=== DATA FOR ANALYSIS ===
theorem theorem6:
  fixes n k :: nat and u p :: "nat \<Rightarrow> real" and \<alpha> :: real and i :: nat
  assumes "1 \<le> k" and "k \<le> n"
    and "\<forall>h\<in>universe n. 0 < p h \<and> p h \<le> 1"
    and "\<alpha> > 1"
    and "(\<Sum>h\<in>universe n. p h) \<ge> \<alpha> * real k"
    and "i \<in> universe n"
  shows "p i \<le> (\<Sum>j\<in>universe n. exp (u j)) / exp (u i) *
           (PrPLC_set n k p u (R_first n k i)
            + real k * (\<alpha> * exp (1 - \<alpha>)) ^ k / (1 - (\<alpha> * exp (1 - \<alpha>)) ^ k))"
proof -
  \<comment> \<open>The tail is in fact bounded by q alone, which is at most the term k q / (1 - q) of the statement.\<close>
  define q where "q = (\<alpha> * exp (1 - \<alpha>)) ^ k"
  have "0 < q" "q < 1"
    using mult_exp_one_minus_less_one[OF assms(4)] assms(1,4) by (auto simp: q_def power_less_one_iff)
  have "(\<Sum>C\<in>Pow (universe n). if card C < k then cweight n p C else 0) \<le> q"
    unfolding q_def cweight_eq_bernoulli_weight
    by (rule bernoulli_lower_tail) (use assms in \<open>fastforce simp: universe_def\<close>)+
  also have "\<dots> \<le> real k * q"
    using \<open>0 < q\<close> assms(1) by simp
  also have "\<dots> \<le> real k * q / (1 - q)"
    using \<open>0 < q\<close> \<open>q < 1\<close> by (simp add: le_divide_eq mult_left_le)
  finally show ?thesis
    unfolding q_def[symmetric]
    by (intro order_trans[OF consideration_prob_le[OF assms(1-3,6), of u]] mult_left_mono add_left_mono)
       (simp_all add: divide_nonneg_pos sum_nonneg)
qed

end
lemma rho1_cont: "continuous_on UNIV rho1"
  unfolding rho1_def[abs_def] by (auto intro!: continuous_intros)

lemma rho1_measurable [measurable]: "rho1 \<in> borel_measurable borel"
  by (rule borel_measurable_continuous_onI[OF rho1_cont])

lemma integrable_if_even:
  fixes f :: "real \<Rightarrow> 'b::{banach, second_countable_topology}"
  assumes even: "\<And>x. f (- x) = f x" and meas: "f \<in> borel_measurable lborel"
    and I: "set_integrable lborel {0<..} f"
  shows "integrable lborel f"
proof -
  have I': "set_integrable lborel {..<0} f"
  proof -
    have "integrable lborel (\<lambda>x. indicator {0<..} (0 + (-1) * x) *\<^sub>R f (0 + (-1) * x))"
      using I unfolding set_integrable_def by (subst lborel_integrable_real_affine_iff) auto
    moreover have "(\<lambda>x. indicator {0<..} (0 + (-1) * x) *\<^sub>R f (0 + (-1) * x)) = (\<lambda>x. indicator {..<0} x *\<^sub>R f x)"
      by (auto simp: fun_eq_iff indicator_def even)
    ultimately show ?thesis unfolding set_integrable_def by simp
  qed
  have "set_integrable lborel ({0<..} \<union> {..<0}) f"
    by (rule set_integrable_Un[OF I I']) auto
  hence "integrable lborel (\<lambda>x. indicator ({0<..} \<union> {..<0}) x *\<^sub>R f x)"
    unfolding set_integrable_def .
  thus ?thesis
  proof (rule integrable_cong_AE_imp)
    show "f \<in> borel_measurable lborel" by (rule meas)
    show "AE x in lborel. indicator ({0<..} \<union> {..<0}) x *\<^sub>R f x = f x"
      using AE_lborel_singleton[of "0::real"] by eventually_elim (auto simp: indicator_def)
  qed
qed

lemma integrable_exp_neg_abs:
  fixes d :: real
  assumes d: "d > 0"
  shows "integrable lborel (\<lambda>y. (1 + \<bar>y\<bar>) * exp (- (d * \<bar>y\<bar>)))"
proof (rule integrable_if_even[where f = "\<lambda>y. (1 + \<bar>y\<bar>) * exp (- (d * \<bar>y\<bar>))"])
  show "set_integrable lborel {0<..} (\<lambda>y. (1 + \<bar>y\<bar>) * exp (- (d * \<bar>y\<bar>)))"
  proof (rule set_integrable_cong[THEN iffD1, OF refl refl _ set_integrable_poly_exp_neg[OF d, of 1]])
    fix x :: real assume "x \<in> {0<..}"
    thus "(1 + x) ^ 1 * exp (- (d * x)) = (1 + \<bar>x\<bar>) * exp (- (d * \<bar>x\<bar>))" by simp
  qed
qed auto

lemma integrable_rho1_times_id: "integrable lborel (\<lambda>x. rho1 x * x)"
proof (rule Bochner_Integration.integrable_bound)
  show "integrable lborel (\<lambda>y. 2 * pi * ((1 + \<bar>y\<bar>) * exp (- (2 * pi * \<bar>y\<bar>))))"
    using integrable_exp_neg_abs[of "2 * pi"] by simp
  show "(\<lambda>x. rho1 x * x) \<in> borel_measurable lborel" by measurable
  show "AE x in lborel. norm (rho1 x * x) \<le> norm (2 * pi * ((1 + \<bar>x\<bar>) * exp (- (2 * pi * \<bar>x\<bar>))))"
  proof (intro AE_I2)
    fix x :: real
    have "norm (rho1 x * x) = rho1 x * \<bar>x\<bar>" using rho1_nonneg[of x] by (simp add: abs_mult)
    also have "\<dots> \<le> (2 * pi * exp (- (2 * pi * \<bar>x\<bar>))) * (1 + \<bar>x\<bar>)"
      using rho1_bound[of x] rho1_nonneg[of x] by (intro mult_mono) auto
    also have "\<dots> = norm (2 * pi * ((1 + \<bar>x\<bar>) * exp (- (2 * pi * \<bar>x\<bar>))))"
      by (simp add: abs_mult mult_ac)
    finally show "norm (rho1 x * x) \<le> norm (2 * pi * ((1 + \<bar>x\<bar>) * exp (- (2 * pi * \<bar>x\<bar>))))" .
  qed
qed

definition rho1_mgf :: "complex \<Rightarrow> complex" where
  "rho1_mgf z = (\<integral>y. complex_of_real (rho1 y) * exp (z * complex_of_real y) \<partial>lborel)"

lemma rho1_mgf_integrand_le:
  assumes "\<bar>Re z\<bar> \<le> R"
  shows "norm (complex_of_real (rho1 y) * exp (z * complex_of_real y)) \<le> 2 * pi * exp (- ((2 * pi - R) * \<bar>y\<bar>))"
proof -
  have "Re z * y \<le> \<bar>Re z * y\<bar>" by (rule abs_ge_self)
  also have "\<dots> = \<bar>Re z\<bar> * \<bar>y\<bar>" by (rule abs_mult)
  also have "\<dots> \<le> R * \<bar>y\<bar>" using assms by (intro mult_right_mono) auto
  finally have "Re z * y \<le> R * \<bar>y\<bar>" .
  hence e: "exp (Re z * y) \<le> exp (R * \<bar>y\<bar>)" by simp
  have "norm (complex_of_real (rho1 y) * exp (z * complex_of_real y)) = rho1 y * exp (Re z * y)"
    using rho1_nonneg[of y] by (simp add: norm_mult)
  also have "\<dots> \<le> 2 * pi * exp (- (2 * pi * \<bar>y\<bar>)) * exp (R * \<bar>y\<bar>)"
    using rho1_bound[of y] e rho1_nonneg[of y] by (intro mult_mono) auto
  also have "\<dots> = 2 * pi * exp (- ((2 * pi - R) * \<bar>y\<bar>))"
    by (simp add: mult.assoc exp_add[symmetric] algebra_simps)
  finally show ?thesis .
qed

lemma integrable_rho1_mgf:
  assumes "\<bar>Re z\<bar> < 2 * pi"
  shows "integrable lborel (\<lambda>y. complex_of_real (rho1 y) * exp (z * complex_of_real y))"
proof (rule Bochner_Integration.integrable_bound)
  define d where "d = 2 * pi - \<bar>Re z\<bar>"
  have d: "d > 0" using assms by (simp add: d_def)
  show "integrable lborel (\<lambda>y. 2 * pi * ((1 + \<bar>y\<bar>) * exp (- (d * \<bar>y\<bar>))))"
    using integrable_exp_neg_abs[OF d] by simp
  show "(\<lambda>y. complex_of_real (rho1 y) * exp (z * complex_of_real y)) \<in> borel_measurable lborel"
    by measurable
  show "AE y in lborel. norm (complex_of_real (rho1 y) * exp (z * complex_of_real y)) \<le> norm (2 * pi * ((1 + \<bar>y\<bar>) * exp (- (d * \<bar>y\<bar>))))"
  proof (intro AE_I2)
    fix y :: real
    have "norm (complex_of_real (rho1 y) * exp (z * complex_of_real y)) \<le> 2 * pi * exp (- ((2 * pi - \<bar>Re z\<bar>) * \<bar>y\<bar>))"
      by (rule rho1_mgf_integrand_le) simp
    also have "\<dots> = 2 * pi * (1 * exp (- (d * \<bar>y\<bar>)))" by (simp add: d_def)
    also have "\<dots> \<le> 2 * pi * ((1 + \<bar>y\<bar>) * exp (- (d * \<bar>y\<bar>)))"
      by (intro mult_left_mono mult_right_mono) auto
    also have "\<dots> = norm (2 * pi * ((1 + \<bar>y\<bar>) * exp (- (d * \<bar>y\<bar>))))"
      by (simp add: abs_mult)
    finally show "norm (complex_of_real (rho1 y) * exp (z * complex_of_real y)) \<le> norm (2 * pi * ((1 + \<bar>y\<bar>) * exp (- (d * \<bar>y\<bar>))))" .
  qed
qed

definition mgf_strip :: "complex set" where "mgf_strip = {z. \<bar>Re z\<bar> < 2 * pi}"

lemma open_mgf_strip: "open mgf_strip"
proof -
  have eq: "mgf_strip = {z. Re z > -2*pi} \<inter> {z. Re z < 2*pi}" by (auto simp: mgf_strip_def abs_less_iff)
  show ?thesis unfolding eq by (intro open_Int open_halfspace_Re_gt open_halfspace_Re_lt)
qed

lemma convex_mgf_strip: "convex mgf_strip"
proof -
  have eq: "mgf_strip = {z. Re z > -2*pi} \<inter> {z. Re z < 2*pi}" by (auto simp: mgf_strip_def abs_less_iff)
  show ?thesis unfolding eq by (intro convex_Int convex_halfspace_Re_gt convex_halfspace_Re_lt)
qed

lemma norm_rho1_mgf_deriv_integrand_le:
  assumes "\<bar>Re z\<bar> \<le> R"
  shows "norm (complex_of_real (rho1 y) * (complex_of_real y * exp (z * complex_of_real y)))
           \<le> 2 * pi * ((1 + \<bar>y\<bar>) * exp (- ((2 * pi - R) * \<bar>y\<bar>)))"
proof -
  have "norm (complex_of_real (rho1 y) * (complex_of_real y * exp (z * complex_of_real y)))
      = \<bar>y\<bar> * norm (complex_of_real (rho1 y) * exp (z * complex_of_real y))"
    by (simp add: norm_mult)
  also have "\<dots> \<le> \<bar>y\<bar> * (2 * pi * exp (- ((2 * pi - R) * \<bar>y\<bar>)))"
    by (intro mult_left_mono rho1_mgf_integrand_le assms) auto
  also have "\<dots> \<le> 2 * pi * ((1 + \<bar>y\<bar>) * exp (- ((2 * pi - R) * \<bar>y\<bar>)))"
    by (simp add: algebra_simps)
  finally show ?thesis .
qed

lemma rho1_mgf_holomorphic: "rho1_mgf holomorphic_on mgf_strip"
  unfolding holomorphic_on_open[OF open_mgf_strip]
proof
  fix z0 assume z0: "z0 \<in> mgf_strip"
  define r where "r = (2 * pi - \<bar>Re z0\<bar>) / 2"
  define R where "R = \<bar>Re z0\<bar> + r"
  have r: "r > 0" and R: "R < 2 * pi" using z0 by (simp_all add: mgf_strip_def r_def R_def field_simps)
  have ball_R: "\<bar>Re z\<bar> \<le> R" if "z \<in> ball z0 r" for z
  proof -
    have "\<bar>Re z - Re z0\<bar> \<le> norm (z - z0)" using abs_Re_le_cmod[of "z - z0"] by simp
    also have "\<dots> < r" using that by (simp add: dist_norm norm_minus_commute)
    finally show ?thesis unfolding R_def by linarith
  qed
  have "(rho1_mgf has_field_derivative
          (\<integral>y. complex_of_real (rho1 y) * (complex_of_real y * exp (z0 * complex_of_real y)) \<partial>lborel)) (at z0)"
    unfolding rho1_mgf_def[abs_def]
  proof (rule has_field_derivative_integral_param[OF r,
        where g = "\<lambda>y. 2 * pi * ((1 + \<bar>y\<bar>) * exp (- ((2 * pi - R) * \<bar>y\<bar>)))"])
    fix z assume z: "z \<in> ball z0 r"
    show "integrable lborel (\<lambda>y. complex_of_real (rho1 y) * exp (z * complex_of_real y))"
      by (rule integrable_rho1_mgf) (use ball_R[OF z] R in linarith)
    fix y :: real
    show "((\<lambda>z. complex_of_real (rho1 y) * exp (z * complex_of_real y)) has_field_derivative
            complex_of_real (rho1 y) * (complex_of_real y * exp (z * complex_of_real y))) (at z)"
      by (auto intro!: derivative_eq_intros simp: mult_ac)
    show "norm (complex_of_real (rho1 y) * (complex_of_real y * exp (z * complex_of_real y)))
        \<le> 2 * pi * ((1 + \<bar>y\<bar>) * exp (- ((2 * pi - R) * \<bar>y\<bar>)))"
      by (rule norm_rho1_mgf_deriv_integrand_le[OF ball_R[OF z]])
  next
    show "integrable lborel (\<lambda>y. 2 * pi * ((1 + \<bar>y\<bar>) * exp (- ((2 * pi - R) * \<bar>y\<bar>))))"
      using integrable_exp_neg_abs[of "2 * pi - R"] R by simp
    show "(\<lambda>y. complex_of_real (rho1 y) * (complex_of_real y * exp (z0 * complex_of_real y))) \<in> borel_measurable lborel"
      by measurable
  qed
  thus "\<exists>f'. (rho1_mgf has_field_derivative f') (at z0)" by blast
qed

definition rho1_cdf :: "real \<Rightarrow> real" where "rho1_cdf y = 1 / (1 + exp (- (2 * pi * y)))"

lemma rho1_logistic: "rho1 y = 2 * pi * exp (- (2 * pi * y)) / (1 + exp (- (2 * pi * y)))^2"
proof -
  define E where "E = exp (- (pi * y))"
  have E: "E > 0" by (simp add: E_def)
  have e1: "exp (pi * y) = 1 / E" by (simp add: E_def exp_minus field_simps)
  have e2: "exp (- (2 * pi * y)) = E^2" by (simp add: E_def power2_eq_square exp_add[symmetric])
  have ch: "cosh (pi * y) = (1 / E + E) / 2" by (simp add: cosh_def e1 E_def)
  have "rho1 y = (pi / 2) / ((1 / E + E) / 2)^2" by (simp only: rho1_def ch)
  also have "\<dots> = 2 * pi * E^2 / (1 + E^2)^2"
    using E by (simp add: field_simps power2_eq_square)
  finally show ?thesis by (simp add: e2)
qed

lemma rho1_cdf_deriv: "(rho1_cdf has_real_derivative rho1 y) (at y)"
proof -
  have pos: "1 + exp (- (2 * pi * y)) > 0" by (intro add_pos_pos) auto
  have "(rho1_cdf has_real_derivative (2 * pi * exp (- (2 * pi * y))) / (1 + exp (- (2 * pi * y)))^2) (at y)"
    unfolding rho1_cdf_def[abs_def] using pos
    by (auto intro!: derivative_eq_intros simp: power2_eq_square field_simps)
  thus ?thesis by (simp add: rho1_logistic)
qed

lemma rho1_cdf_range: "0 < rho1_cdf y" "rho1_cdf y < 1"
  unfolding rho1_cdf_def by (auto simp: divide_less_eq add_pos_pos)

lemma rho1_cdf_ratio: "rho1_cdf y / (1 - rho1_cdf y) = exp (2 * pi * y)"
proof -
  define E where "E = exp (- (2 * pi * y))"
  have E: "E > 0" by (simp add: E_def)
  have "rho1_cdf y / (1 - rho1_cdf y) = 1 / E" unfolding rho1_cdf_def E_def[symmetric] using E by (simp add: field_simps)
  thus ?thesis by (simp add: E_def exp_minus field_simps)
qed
===
WHAT TO PRODUCE – All that is wanted is the run of lines from the start of the data through the line containing "(universe n). if", copied word for word.

TASK ANSWER –
theorem theorem6:
  fixes n k :: nat and u p :: "nat \<Rightarrow> real" and \<alpha> :: real and i :: nat
  assumes "1 \<le> k" and "k \<le> n"
    and "\<forall>h\<in>universe n. 0 < p h \<and> p h \<le> 1"
    and "\<alpha> > 1"
    and "(\<Sum>h\<in>universe n. p h) \<ge> \<alpha> * real k"
    and "i \<in> universe n"
  shows "p i \<le> (\<Sum>j\<in>universe n. exp (u j)) / exp (u i) *
           (PrPLC_set n k p u (R_first n k i)
            + real k * (\<alpha> * exp (1 - \<alpha>)) ^ k / (1 - (\<alpha> * exp (1 - \<alpha>)) ^ k))"
proof -
  \<comment> \<open>The tail is in fact bounded by q alone, which is at most the term k q / (1 - q) of the statement.\<close>
  define q where "q = (\<alpha> * exp (1 - \<alpha>)) ^ k"
  have "0 < q" "q < 1"
    using mult_exp_one_minus_less_one[OF assms(4)] assms(1,4) by (auto simp: q_def power_less_one_iff)
  have "(\<Sum>C\<in>Pow (universe n). if card C < k then cweight n p C else 0) \<le> q"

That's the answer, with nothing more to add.